In this assignment you will practice in using the available pretrained model in Keras and use it as a Transfer Learning to fine tune your model

The goals of this assignment are as follows:

    * train and fine tune both full vgg and mini vgg on CIFAR-10
      * train from scratch
      * fine tune all layers
      * train classifier head
      * fine tune selected layers


Write down your Name and Student ID

In [None]:
## --- start your code here ----

NIM = ??
Nama = ??

## --- end your code here ----

---
---
#[Part 0] Import Libraries and Load Data

---
## 1 - Import Libraries
Import required libraries

In [None]:
import time
import numpy as np
import tensorflow as tf
import matplotlib.pyplot as plt

from tensorflow.keras import backend as K
from tensorflow.keras import Model
from tensorflow.keras.models import Sequential

from tensorflow.keras.layers import Input
from tensorflow.keras.layers import Dense
from tensorflow.keras.layers import GlobalAveragePooling2D
from tensorflow.keras.applications.vgg16 import VGG16

from tensorflow.keras.utils import to_categorical
from tensorflow.keras.utils import plot_model

%matplotlib inline
np.set_printoptions(precision=7)
%load_ext autoreload
%autoreload 2

---
## 2 - Load CIFAR-10

In [None]:
(X_train_ori, y_train), (X_test_ori, y_test) = tf.keras.datasets.cifar10.load_data()

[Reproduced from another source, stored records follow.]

lemma nn_integral_radial_gaussian:
  fixes b :: real assumes b: "0 < b"
  shows "(\<integral>\<^sup>+x. \<integral>\<^sup>+y. ennreal (exp (- b * (x\<^sup>2 + y\<^sup>2)) * sqrt (x\<^sup>2 + y\<^sup>2)) \<partial>lborel \<partial>lborel)
     = ennreal (pi * sqrt pi / (2 * b * sqrt b))"
proof -
  define G where "G x y = ennreal (exp (- b * (x\<^sup>2 + y\<^sup>2)) * sqrt (x\<^sup>2 + y\<^sup>2))" for x y :: real
  define H where "H x s = ennreal (x\<^sup>2 * sqrt (1 + s\<^sup>2) * exp (- (b * (1 + s\<^sup>2)) * x\<^sup>2))
      * indicator {0<..} x * indicator {0<..} s" for x s :: real
  define C where "C = sqrt pi / (4 * b * sqrt b)"
  have C: "0 \<le> C" using b by (simp add: C_def)
  have [measurable]: "(\<lambda>(x, y). G x y) \<in> borel_measurable borel" "G x \<in> borel_measurable borel"
    "(\<lambda>(x, s). H x s) \<in> borel_measurable borel" for x
    unfolding G_def H_def by measurable
  have half_G: "(\<lambda>x. \<integral>\<^sup>+y. G x y * indicator {0<..} y \<partial>lborel) \<in> borel_measurable borel"
    by (rule borel_measurable_nn_integral_lborel) (simp add: G_def)
  have ray: "(\<integral>\<^sup>+y. G x y * indicator {0<..} y \<partial>lborel) * indicator {0<..} x = (\<integral>\<^sup>+s. H x s \<partial>lborel)" for x
  proof (cases "0 < x")
    case True
    then show ?thesis
      using nn_integral_radial_ray[OF True, of b] by (simp add: G_def H_def)
  qed (simp add: H_def)
  have fibre: "(\<integral>\<^sup>+x. H x s \<partial>lborel) = ennreal C * (ennreal (1 / (1 + s\<^sup>2)) * indicator {0<..} s)" for s
  proof -
    have "(\<integral>\<^sup>+x. H x s \<partial>lborel) = indicator {0<..} s
        * (\<integral>\<^sup>+x. ennreal (x\<^sup>2 * sqrt (1 + s\<^sup>2) * exp (- (b * (1 + s\<^sup>2)) * x\<^sup>2)) * indicator {0<..} x \<partial>lborel)"
      by (subst nn_integral_cmult[symmetric]) (auto simp: H_def mult_ac)
    also have "\<dots> = indicator {0<..} s * (ennreal C * ennreal (1 / (1 + s\<^sup>2)))"
      by (simp only: nn_integral_radial_fibre[OF b, folded C_def])
    finally show ?thesis
      by (simp only: mult_ac)
  qed
  \<comment> \<open>Restrict to the quadrant by symmetry, then substitute \<open>y = x s\<close>: after Fubini the inner
      integral over \<open>x\<close> is a Gaussian moment and the outer one is an arctangent.\<close>
  have "(\<integral>\<^sup>+x. \<integral>\<^sup>+y. G x y \<partial>lborel \<partial>lborel)
      = (\<integral>\<^sup>+x. 2 * (\<integral>\<^sup>+y. G x y * indicator {0<..} y \<partial>lborel) \<partial>lborel)"
    by (intro nn_integral_cong nn_integral_lborel_even) (auto simp: G_def)
  also have "\<dots> = 4 * (\<integral>\<^sup>+x. (\<integral>\<^sup>+y. G x y * indicator {0<..} y \<partial>lborel) * indicator {0<..} x \<partial>lborel)"
    using half_G
    by (subst nn_integral_lborel_even) (auto simp: G_def nn_integral_cmult mult.assoc)
  also have "\<dots> = 4 * (\<integral>\<^sup>+x. \<integral>\<^sup>+s. H x s \<partial>lborel \<partial>lborel)"
    by (simp only: ray)
  also have "\<dots> = 4 * (\<integral>\<^sup>+s. \<integral>\<^sup>+x. H x s \<partial>lborel \<partial>lborel)"
    by (subst lborel_pair.Fubini') (simp_all add: lborel_prod)
  also have "\<dots> = 4 * (\<integral>\<^sup>+s. ennreal C * (ennreal (1 / (1 + s\<^sup>2)) * indicator {0<..} s) \<partial>lborel)"
    by (simp only: fibre)
  also have "\<dots> = 4 * (ennreal C * ennreal (pi / 2))"
    by (subst nn_integral_cmult) (auto simp: nn_integral_inverse_1_plus_sq)
  also have "\<dots> = ennreal (4 * (C * (pi / 2)))"
    using C by (simp add: ennreal_mult[symmetric] numeral_mult_ennreal)
  also have "4 * (C * (pi / 2)) = pi * sqrt pi / (2 * b * sqrt b)"
    using b by (simp add: C_def divide_simps)
  finally have "(\<integral>\<^sup>+x. \<integral>\<^sup>+y. G x y \<partial>lborel \<partial>lborel) = ennreal (pi * sqrt pi / (2 * b * sqrt b))" .
  then show ?thesis unfolding G_def .
qed
(* Let $m,K$ be positive integers and $b_1,\dots,b_{3m}$ positive integers with $K/4<b_i<K/2$ and $\sum_i b_i=mK$. Set $W=100(5m)^2K$, $a_i=b_i+W$, $L=3W+K$, $\epsilon=1/(400(5m)^2)$, $h=\lfloor 4\epsilon L\rfloor$, $H=L+h$, $\beta_0=h/H$, $\beta_i=a_i/H-1/3$ ($1\le i\le 3m$). Let $X$ be the multiset consisting of $a_1,\dots,a_{3m}$, $m$ copies of $-H$ and $m$ copies of $h$, and let $T_{\min}$ be a minimum-cost addition tree over $X$. (1) If $z$ is a node of $T_{\min}$ with $z>0$, then $z$ is of the form $\lambda H$, $(1/3+\lambda)H$, or $(2/3+\lambda)H$. (2) If $z$ is an internal node of $T_{\min}$ with $z<0$, then $z$ is of the form $\lambda H$, $(-1/3+\lambda)H$, or $(-2/3+\lambda)H$.
   Context: An addition tree over a multiset $X$ is a full binary tree whose leaves are labeled by the elements of $X$ (each used once), each internal node having value equal to the sum of its children's values; its cost is the sum of the absolute values of its internal nodes, and $T_{\min}$ minimizes the cost. Nodes are identified with their values. A "$\lambda$" denotes a sum of at most $5m$ numbers each of the form $\pm\beta_i$ with $0\le i\le 3m$ (different occurrences of $\lambda$ may denote different such sums). Every node value can be written as $(N/3+\lambda)H$ with $N$ an integer; since $|\lambda|\le 1/(500m)$, $N$ and the value of $\lambda$ are uniquely determined. *)

theory Defs
  imports Complex_Main "HOL-Library.Multiset"
begin

datatype atree = Leaf real | Node atree atree

fun aval :: "atree \<Rightarrow> real" where
  "aval (Leaf x) = x"
| "aval (Node l r) = aval l + aval r"

fun leaves :: "atree \<Rightarrow> real multiset" where
  "leaves (Leaf x) = {#x#}"
| "leaves (Node l r) = leaves l + leaves r"

fun acost :: "atree \<Rightarrow> real" where
  "acost (Leaf x) = 0"
| "acost (Node l r) = \<bar>aval l + aval r\<bar> + acost l + acost r"

fun subtrees :: "atree \<Rightarrow> atree set" where
  "subtrees (Leaf x) = {Leaf x}"
| "subtrees (Node l r) = insert (Node l r) (subtrees l \<union> subtrees r)"

fun is_internal :: "atree \<Rightarrow> bool" where
  "is_internal (Leaf x) = False"
| "is_internal (Node l r) = True"

definition addition_tree :: "real multiset \<Rightarrow> atree \<Rightarrow> bool" where
  "addition_tree X T \<longleftrightarrow> leaves T = X"

definition min_addition_tree :: "real multiset \<Rightarrow> atree \<Rightarrow> bool" where
  "min_addition_tree X T \<longleftrightarrow> addition_tree X T \<and>
     (\<forall>T'. addition_tree X T' \<longrightarrow> acost T \<le> acost T')"

text \<open>A "lambda": a sum of at most 5m numbers, each of the form +beta_i or -beta_i
with 0 <= i <= 3m.  A signed term is encoded as (sign, index).\<close>
definition is_lambda :: "nat \<Rightarrow> (nat \<Rightarrow> real) \<Rightarrow> real \<Rightarrow> bool" where
  "is_lambda m \<beta> x \<longleftrightarrow> (\<exists>ss :: (bool \<times> nat) list.
      length ss \<le> 5 * m \<and> (\<forall>(s, i) \<in> set ss. i \<le> 3 * m) \<and>
      x = sum_list (map (\<lambda>(s, i). if s then \<beta> i else - \<beta> i) ss))"

definition of_form :: "nat \<Rightarrow> (nat \<Rightarrow> real) \<Rightarrow> real \<Rightarrow> real \<Rightarrow> real \<Rightarrow> bool" where
  "of_form m \<beta> H c z \<longleftrightarrow> (\<exists>l. is_lambda m \<beta> l \<and> z = (c + l) * H)"

end

theory Submission
  imports Defs
begin

text \<open>
  Label each leaf by an integer: 1 for every \<open>a\<^sub>i\<close>, -3 for \<open>-H\<close> and 0 for \<open>h\<close>,
  and let \<open>N(S)\<close> be the sum of the labels below a node \<open>S\<close>. Then
  \<open>S = (N(S)/3 + \<lambda>) H\<close>, where \<open>\<lambda>\<close> is the sum of the deviations
  \<open>x/H - label(x)/3\<close> of the leaves below \<open>S\<close>; each deviation is 0 or some \<open>\<beta>\<^sub>i\<close>,
  and their absolute values add up to at most 1/300. Hence \<open>3S/H\<close> lies within 1/100 of
  \<open>N(S)\<close>, and the root has label \<open>3m - 3m = 0\<close>.

  In a minimum-cost tree, exchanging a grandchild with its uncle cannot decrease the cost.
  At a node of maximal label \<open>M \<ge> 3\<close> whose children have smaller labels, this forces
  the uncle to have label \<open>\<le> -M - 1\<close>; at a minimal internal node of label
  \<open>\<mu> \<le> -3\<close> it forces a node of label \<open>\<ge> -\<mu>\<close>, even \<open>\<ge> 1 - \<mu>\<close> when
  \<open>\<mu> \<le> -4\<close>. Playing the two against each other shows that all labels are at most 2 and
  all internal labels at least -2; the sign of \<open>S\<close> then determines the sign of \<open>N(S)\<close>.
\<close>

section \<open>Addition trees and swap optimality\<close>

lemma subtrees_refl: "T \<in> subtrees T"
  by (cases T) auto

lemma subtrees_trans: "S \<in> subtrees T \<Longrightarrow> subtrees S \<subseteq> subtrees T"
  by (induction T) auto

lemma subtrees_NodeD: "Node l r \<in> subtrees T \<Longrightarrow> l \<in> subtrees T \<and> r \<in> subtrees T"
  using subtrees_trans subtrees_refl by fastforce

lemma finite_subtrees: "finite (subtrees T)"
  by (induction T) auto

lemma leaves_subtrees_subset: "S \<in> subtrees T \<Longrightarrow> leaves S \<subseteq># leaves T"
  by (induction T) (auto intro: subset_mset.order_trans)

lemma aval_eq_sum_leaves: "aval T = \<Sum>\<^sub># (leaves T)"
  by (induction T) auto

definition siblings :: "atree \<Rightarrow> atree \<Rightarrow> atree \<Rightarrow> bool" where
  "siblings T S y \<longleftrightarrow> Node S y \<in> subtrees T \<or> Node y S \<in> subtrees T"

lemma siblings_in_subtrees: "siblings T S y \<Longrightarrow> S \<in> subtrees T \<and> y \<in> subtrees T"
  unfolding siblings_def using subtrees_NodeD by blast

lemma siblings_NodeD:
  "siblings T (Node A B) y \<Longrightarrow> A \<in> subtrees T \<and> B \<in> subtrees T \<and> y \<in> subtrees T"
  using siblings_in_subtrees subtrees_NodeD by blast

lemma subtrees_has_sibling:
  "S \<in> subtrees T \<Longrightarrow> S \<noteq> T \<Longrightarrow> \<exists>y. siblings T S y"
  unfolding siblings_def by (induction T) auto

lemma acost_replace_subtree:
  assumes "S \<in> subtrees T" and "leaves S' = leaves S"
  shows "\<exists>T'. leaves T' = leaves T \<and> acost T' = acost T + (acost S' - acost S)"
  using assms
proof (induction T)
  case (Leaf x)
  then show ?case by (intro exI[of _ S']) auto
next
  case (Node l r)
  consider "S = Node l r" | "S \<in> subtrees l" | "S \<in> subtrees r"
    using Node.prems(1) by auto
  then show ?case
  proof cases
    case 1
    then show ?thesis using Node.prems(2) by (intro exI[of _ S']) auto
  next
    case 2
    then obtain l' where "leaves l' = leaves l" "acost l' = acost l + (acost S' - acost S)"
      using Node.IH(1) Node.prems(2) by blast
    then show ?thesis
      by (intro exI[of _ "Node l' r"]) (simp add: aval_eq_sum_leaves)
  next
    case 3
    then obtain r' where "leaves r' = leaves r" "acost r' = acost r + (acost S' - acost S)"
      using Node.IH(2) Node.prems(2) by blast
    then show ?thesis
      by (intro exI[of _ "Node l r'"]) (simp add: aval_eq_sum_leaves)
  qed
qed

definition swap_optimal :: "atree \<Rightarrow> bool" where
  "swap_optimal T \<longleftrightarrow> (\<forall>A B y. siblings T (Node A B) y \<longrightarrow>
     \<bar>aval A + aval B\<bar> \<le> \<bar>aval A + aval y\<bar> \<and> \<bar>aval A + aval B\<bar> \<le> \<bar>aval B + aval y\<bar>)"

lemma min_addition_tree_swap_optimal:
  assumes "min_addition_tree X T"
  shows "swap_optimal T"
  unfolding swap_optimal_def
proof (intro allI impI)
  fix A B y
  assume "siblings T (Node A B) y"
  then obtain S where S: "S \<in> subtrees T" and "S = Node (Node A B) y \<or> S = Node y (Node A B)"
    unfolding siblings_def by blast
  then have cost_S: "acost S = \<bar>aval A + aval B + aval y\<bar> + \<bar>aval A + aval B\<bar> + acost A + acost B + acost y"
    and leaves_S: "leaves S = leaves A + leaves B + leaves y"
    by (auto simp: algebra_simps)
  have no_gain: "acost S \<le> acost S'" if same_leaves: "leaves S' = leaves S" for S'
  proof -
    obtain T' where "leaves T' = leaves T" "acost T' = acost T + (acost S' - acost S)"
      using acost_replace_subtree[OF S same_leaves] by blast
    then show ?thesis
      using assms unfolding min_addition_tree_def addition_tree_def by fastforce
  qed
  have "acost S \<le> acost (Node (Node A y) B)" and "acost S \<le> acost (Node (Node B y) A)"
    using leaves_S by (intro no_gain; simp add: ac_simps)+
  then show "\<bar>aval A + aval B\<bar> \<le> \<bar>aval A + aval y\<bar> \<and> \<bar>aval A + aval B\<bar> \<le> \<bar>aval B + aval y\<bar>"
    using cost_S by (simp add: algebra_simps)
qed

section \<open>Integer labels of a swap-optimal tree\<close>

fun label_sum :: "(real \<Rightarrow> int) \<Rightarrow> atree \<Rightarrow> int" where
  "label_sum f (Leaf x) = f x"
| "label_sum f (Node l r) = label_sum f l + label_sum f r"

lemma label_sum_eq_sum_leaves: "label_sum f T = (\<Sum>x\<in>#leaves T. f x)"
  by (induction T) auto

lemma le_neg_if_abs_le_abs:
  fixes p q :: real
  assumes "\<bar>p\<bar> \<le> \<bar>q\<bar>" and "0 < p" and "q < p"
  shows "q \<le> - p"
  using assms by linarith

locale labelled_swap_optimal_tree =
  fixes T :: atree and f :: "real \<Rightarrow> int" and c :: real
  assumes swap_optimal: "swap_optimal T"
    and scale_pos: "0 < c"
    and near_label: "\<And>S. S \<in> subtrees T \<Longrightarrow> \<bar>c * aval S - label_sum f S\<bar> \<le> 1/100"
    and leaf_label_range: "\<And>x. -3 \<le> f x \<and> f x \<le> 1"
    and root_label: "label_sum f T = 0"
begin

class_names = ['plane', 'car', 'bird', 'cat', 'deer', 'dog', 'frog', 'horse', 'ship', 'truck']


---
## 3 - Split Validation Data

In [None]:
X_val_ori   = X_train_ori[-10000:,:]
y_val       = y_train[-10000:]

X_train_ori = X_train_ori[:-10000, :]
y_train     = y_train[:-10000]

---
## 4 - Normalize and Reshape Data

In [None]:
X_train    = X_train_ori.astype('float32')
X_val      = X_val_ori.astype('float32')
X_test     = X_test_ori.astype('float32')

mean_image = X_train.mean(axis=(0, 1, 2), keepdims=True)
std_image  = X_train.std(axis=(0, 1, 2), keepdims=True)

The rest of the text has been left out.